What needs to be done: Below are the entries; return every line among them that holds the word "linarith".

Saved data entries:

---

definition fset :: "nat \<Rightarrow> real set" where
  "fset N = {y. \<exists>n::nat. 1 \<le> n \<and> n \<le> N \<and> sqrt (real n) \<notin> \<nat> \<and>
                        frac y = frac (sqrt (real n))}"

definition gap :: "real \<Rightarrow> real set \<Rightarrow> real" where
  "gap x A = Inf {y \<in> A. y > x} - Sup {y \<in> A. y < x}"

definition g :: "real \<Rightarrow> nat \<Rightarrow> real" where
  "g x N = gap x (fset N)"

end

(*
  Points of f(N) are y = sqrt n + k with n <= N not a square.

  Rational x = p/q: writing c = p - q k, one has q (y - x) = D / (q sqrt n + c) with
  D = q^2 n - c^2, and for |y - x| < 1 the denominator is at most about 2 q sqrt N.  So the
  neighbours of x are governed by the smallest positive value a and the largest negative
  value -b of D.  For coprime p and q >= 2 these values of D are exactly the integers
  congruent to -p^2 modulo q gcd(2,q), whence a + b = q gcd(2,q); for q = 1 they are the
  non-zero integers, whence a = b = 1.  Both extremes are attained with c close to
  q sqrt N, so 2 sqrt N times the gap tends to (a + b) / q^2.

  Irrational x: by Kronecker's theorem, in every window of bounded length there is an m
  for which the fractional part of (m + x)^2, or of -(m + x)^2, is positive and
  arbitrarily small.  Taking m + x close to sqrt N / 2 and rounding (m + x)^2 to an
  integer n gives points sqrt n - m on either side of x at distance o(1 / sqrt N).
*)
theory Submission
  imports Defs "HOL-Analysis.Kronecker_Approximation_Theorem"
begin

section \<open>Gaps and the sets f(N)\<close>

lemma gap_le:
  assumes "a \<in> A" "b \<in> A" "a < x" "x < b"
  shows "gap x A \<le> b - a"
proof -
  have "Inf {y \<in> A. y > x} \<le> b"
    by (rule cInf_lower) (use assms in \<open>auto intro!: bdd_belowI[of _ x]\<close>)
  moreover have "a \<le> Sup {y \<in> A. y < x}"
    by (rule cSup_upper) (use assms in \<open>auto intro!: bdd_aboveI[of _ x]\<close>)
  ultimately show ?thesis
    unfolding gap_def by linarith
qed

lemma gap_ge:
  assumes "a \<in> A" "b \<in> A" "a < x" "x < b"
    and "\<And>y. y \<in> A \<Longrightarrow> x < y \<Longrightarrow> x + u \<le> y"
    and "\<And>y. y \<in> A \<Longrightarrow> y < x \<Longrightarrow> y \<le> x - v"
  shows "u + v \<le> gap x A"
proof -
  have "x + u \<le> Inf {y \<in> A. y > x}"
    by (rule cInf_greatest) (use assms in auto)
  moreover have "Sup {y \<in> A. y < x} \<le> x - v"
    by (rule cSup_least) (use assms in auto)
  ultimately show ?thesis
    unfolding gap_def by linarith
qed

lemma mem_fset_iff:
  "y \<in> fset N \<longleftrightarrow>
     (\<exists>n k. 1 \<le> n \<and> n \<le> N \<and> sqrt (real n) \<notin> \<nat> \<and> y = sqrt (real n) + of_int k)"
proof
  assume "y \<in> fset N"
  then obtain n where n: "1 \<le> n" "n \<le> N" "sqrt (real n) \<notin> \<nat>" "frac y = frac (sqrt (real n))"
    unfolding fset_def by auto
  then have "y = sqrt (real n) + of_int (\<lfloor>y\<rfloor> - \<lfloor>sqrt (real n)\<rfloor>)"
    unfolding frac_def by simp
  with n show "\<exists>n k. 1 \<le> n \<and> n \<le> N \<and> sqrt (real n) \<notin> \<nat> \<and> y = sqrt (real n) + of_int k"
    by blast
qed (auto simp: fset_def)

lemma sqrt_diff_eq:
  fixes s t :: real
  assumes "0 \<le> s" "0 < sqrt s + t"
  shows "sqrt s - t = (s - t\<^sup>2) / (sqrt s + t)"
proof -
  have "(sqrt s - t) * (sqrt s + t) = s - t\<^sup>2"
    using assms(1) by (simp add: algebra_simps power2_eq_square)
  with assms(2) show ?thesis
    by (simp add: eq_divide_eq)
qed

section \<open>Irrational points\<close>

lemma frac_diff_mult_small:
  fixes w t :: real
  assumes "0 < t" "t < 1"
  obtains k :: nat where "real k \<le> 1 / t" "0 < frac (w - real k * t)" "frac (w - real k * t) \<le> t"
proof -
  define u where "u = 1 - frac (- w)"
  have u: "0 < u" "u \<le> 1"
    unfolding u_def using frac_lt_1[of "- w"] by auto
  have "w - u \<in> \<int>"
    unfolding u_def frac_def by simp
  define k where "k = nat (\<lceil>u / t\<rceil> - 1)"
  have "0 < u / t"
    using u assms by simp
  then have k: "real k = of_int \<lceil>u / t\<rceil> - 1"
    unfolding k_def by (simp add: of_nat_nat)
  then have k_bounds: "u / t - 1 \<le> real k" "real k < u / t"
    by linarith+
  then have r: "0 < u - real k * t" "u - real k * t \<le> t"
    using assms by (simp_all add: field_simps)
  have "w - real k * t = (u - real k * t) + (w - u)"
    by simp
  then have "frac (w - real k * t) = frac (u - real k * t)"
    using \<open>w - u \<in> \<int>\<close> by (metis frac_add_int_right)
  also have "\<dots> = u - real k * t"
    using r assms by (simp add: frac_eq)
  finally have fr: "frac (w - real k * t) = u - real k * t" .
  have "u / t \<le> 1 / t"
    using u assms by (simp add: divide_right_mono)
  then have "real k \<le> 1 / t"
    using k_bounds(2) by linarith
  then show ?thesis
    by (rule that) (use fr r in linarith)+
qed

lemma exists_frac_mult_small:
  fixes \<alpha> \<epsilon> :: real
  assumes "\<alpha> \<notin> \<rat>" "0 < \<epsilon>"
  obtains h :: nat where "0 < h" "0 < frac (real h * \<alpha>)" "frac (real h * \<alpha>) < \<epsilon>"
proof -
  define e where "e = min \<epsilon> 1"
  have "0 \<le> e / 2" "e / 2 \<le> 1" "0 < e / 2"
    using assms(2) by (auto simp: e_def)
  with assms(1) obtain h :: nat where "0 < h" and h: "\<bar>frac (real h * \<alpha>) - e / 2\<bar> < e / 2"
    using Kronecker_approx_1_explicit by blast
  then have "0 < frac (real h * \<alpha>)" "frac (real h * \<alpha>) < \<epsilon>"
    unfolding abs_less_iff e_def by linarith+
  with \<open>0 < h\<close> show ?thesis
    by (rule that)
qed

lemma frac_irrational_mult_syndetic:
  fixes \<alpha> \<epsilon> :: real
  assumes "\<alpha> \<notin> \<rat>" "0 < \<epsilon>"
  obtains L :: nat where
    "\<And>\<beta> M. \<exists>m::int. M \<le> m \<and> m \<le> M + int L \<and>
       0 < frac (\<beta> + of_int m * \<alpha>) \<and> frac (\<beta> + of_int m * \<alpha>) < \<epsilon>"
proof -
  have "- \<alpha> \<notin> \<rat>"
    using assms(1) by (metis Rats_minus_iff)
  then obtain h :: nat where "0 < h" and t: "0 < frac (real h * - \<alpha>)" "frac (real h * - \<alpha>) < \<epsilon>"
    by (rule exists_frac_mult_small[OF _ assms(2)])
  define t where "t = frac (real h * - \<alpha>)"
  show ?thesis
  proof
    fix \<beta> :: real and M :: int
    obtain k :: nat where k: "real k \<le> 1 / t"
      and fr: "0 < frac (\<beta> + of_int M * \<alpha> - real k * t)" "frac (\<beta> + of_int M * \<alpha> - real k * t) \<le> t"
      using frac_diff_mult_small[of t] t frac_lt_1 unfolding t_def by blast
    \<comment> \<open>each further step of h shifts the fractional part by exactly -t\<close>
    have "\<beta> + of_int (M + int (k * h)) * \<alpha> =
        (\<beta> + of_int M * \<alpha> - real k * t) + of_int (- int k * \<lfloor>real h * - \<alpha>\<rfloor>)"
      unfolding t_def frac_def by (simp add: algebra_simps)
    then have "frac (\<beta> + of_int (M + int (k * h)) * \<alpha>) = frac (\<beta> + of_int M * \<alpha> - real k * t)"
      by (simp only: frac_add_of_int_right)
    moreover have "real (k * h) \<le> real (nat \<lceil>real h / t\<rceil>)"
    proof -
      have "real k * real h \<le> 1 / t * real h"
        using k by (intro mult_right_mono) auto
      also have "\<dots> \<le> of_int \<lceil>real h / t\<rceil>"
        by simp
      finally show ?thesis
        using t unfolding t_def[symmetric] by (simp add: of_nat_nat)
    qed
    then have "int (k * h) \<le> int (nat \<lceil>real h / t\<rceil>)"
      by (simp only: of_nat_le_iff)
    ultimately show "\<exists>m::int. M \<le> m \<and> m \<le> M + int (nat \<lceil>real h / t\<rceil>) \<and>
        0 < frac (\<beta> + of_int m * \<alpha>) \<and> frac (\<beta> + of_int m * \<alpha>) < \<epsilon>"
      using fr t unfolding t_def[symmetric] by (intro exI[of _ "M + int (k * h)"]) auto
  qed
qed

lemma exists_nat_near_square:
  fixes t :: real and s :: int
  assumes s: "s \<in> {-1, 1}" and t: "1 \<le> t" "t \<le> sqrt (real N) - 1"
  obtains n :: nat where "real n = t\<^sup>2 - of_int s * frac (of_int s * t\<^sup>2)" "1 \<le> n" "n \<le> N"
proof -
  define d where "d = frac (of_int s * t\<^sup>2)"
  have "of_int s * of_int s = (1::real)"
    using s by auto
  then have fl: "of_int (s * \<lfloor>of_int s * t\<^sup>2\<rfloor>) = t\<^sup>2 - of_int s * d"
    unfolding d_def frac_def by (simp add: algebra_simps)
  have sd: "\<bar>of_int s * d\<bar> < 1"
    using s frac_lt_1 unfolding d_def by auto
  have "1 \<le> t\<^sup>2"
    using t by (simp add: one_le_power)
  then have "(0::real) < of_int (s * \<lfloor>of_int s * t\<^sup>2\<rfloor>)"
    using fl sd by linarith
  then have pos: "0 < s * \<lfloor>of_int s * t\<^sup>2\<rfloor>"
    by (simp only: of_int_0_less_iff)
  \<comment> \<open>n is t^2 rounded down for s = 1 and rounded up for s = -1\<close>
  define n where "n = nat (s * \<lfloor>of_int s * t\<^sup>2\<rfloor>)"
  have n: "real n = t\<^sup>2 - of_int s * d"
    unfolding n_def using fl pos by (simp add: of_nat_nat)
  have "t\<^sup>2 \<le> (sqrt (real N) - 1)\<^sup>2"
    using t by (intro power_mono) auto
  also have "\<dots> = real N - 2 * sqrt (real N) + 1"
    by (simp add: power2_eq_square algebra_simps)
  finally have "real n < real N - 2 * sqrt (real N) + 2"
    using n sd by linarith
  then have "n \<le> N"
    using t by simp
  moreover have "1 \<le> n"
    unfolding n_def using pos by simp
  ultimately show ?thesis
    using that n unfolding d_def by blast
qed
theorem lemma4p3:
  fixes v :: "nat \<Rightarrow> 'a::euclidean_space" and alpha :: "nat \<Rightarrow> real"
    and N :: nat and p :: real and z \<beta> :: "nat \<Rightarrow> real"
  assumes unit: "\<forall>j<N. norm (v j) = 1"
    and not_hemi: "\<forall>u::'a. norm u = 1 \<longrightarrow> (\<exists>j<N. v j \<bullet> u < 0)"
    and alpha_pos: "\<forall>j<N. alpha j > 0"
    and p: "0 \<le> p" "p < 1"
    and z_pos: "\<forall>j<N. z j > 0"
    and xi0: "xi N v alpha p z = 0"
  shows "(\<exists>D. ((\<lambda>t. xi N v alpha p (\<lambda>j. z j + t * \<beta> j)) has_vector_derivative D) (at 0))
         \<and> (\<Sum>j<N. (z j powr (p - 1) * alpha j) *\<^sub>R v j) = 0"
proof -
  obtain m where m_pos: "\<forall>j<N. z j - m \<bullet> v j > 0" and crit: "Phi_grad N v alpha p z m = 0"
    using exists_critical_point[OF not_hemi alpha_pos p z_pos] by blast
  have "m = 0" using xi_eq_if_Phi_grad_eq_0[OF not_hemi alpha_pos p m_pos crit] xi0 by simp
  with crit have crit0: "Phi_grad N v alpha p z 0 = 0" by simp
  have "\<forall>j<N. alpha j * z j powr (p - 2) > 0" using alpha_pos z_pos by (auto intro: mult_pos_pos)
  then obtain D where "(\<Sum>j<N. (alpha j * z j powr (p - 2) * (v j \<bullet> D)) *\<^sub>R v j)
      = (\<Sum>j<N. (alpha j * z j powr (p - 2) * \<beta> j) *\<^sub>R v j)"
    by (rule weighted_frame_operator_surj[OF not_hemi])
  then have "(\<Sum>j<N. (alpha j * z j powr (p - 2) * (\<beta> j - v j \<bullet> D)) *\<^sub>R v j) = 0"
    by (simp add: right_diff_distrib scaleR_diff_left sum_subtractf)
  then have "((\<lambda>t. xi N v alpha p (\<lambda>j. z j + t * \<beta> j)) has_vector_derivative D) (at 0)"
    by (rule xi_has_vector_derivative[OF unit not_hemi alpha_pos p z_pos crit0])
  moreover have "(\<Sum>j<N. (z j powr (p - 1) * alpha j) *\<^sub>R v j) = 0"
    using crit0 by (simp add: Phi_grad_def)
  ultimately show ?thesis by blast
qed

end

---

Exercise answer:
    unfolding gap_def by linarith
    unfolding gap_def by linarith
    by linarith+
    using k_bounds(2) by linarith
    by (rule that) (use fr r in linarith)+
    unfolding abs_less_iff e_def by linarith+
    using fl sd by linarith
    using n sd by linarith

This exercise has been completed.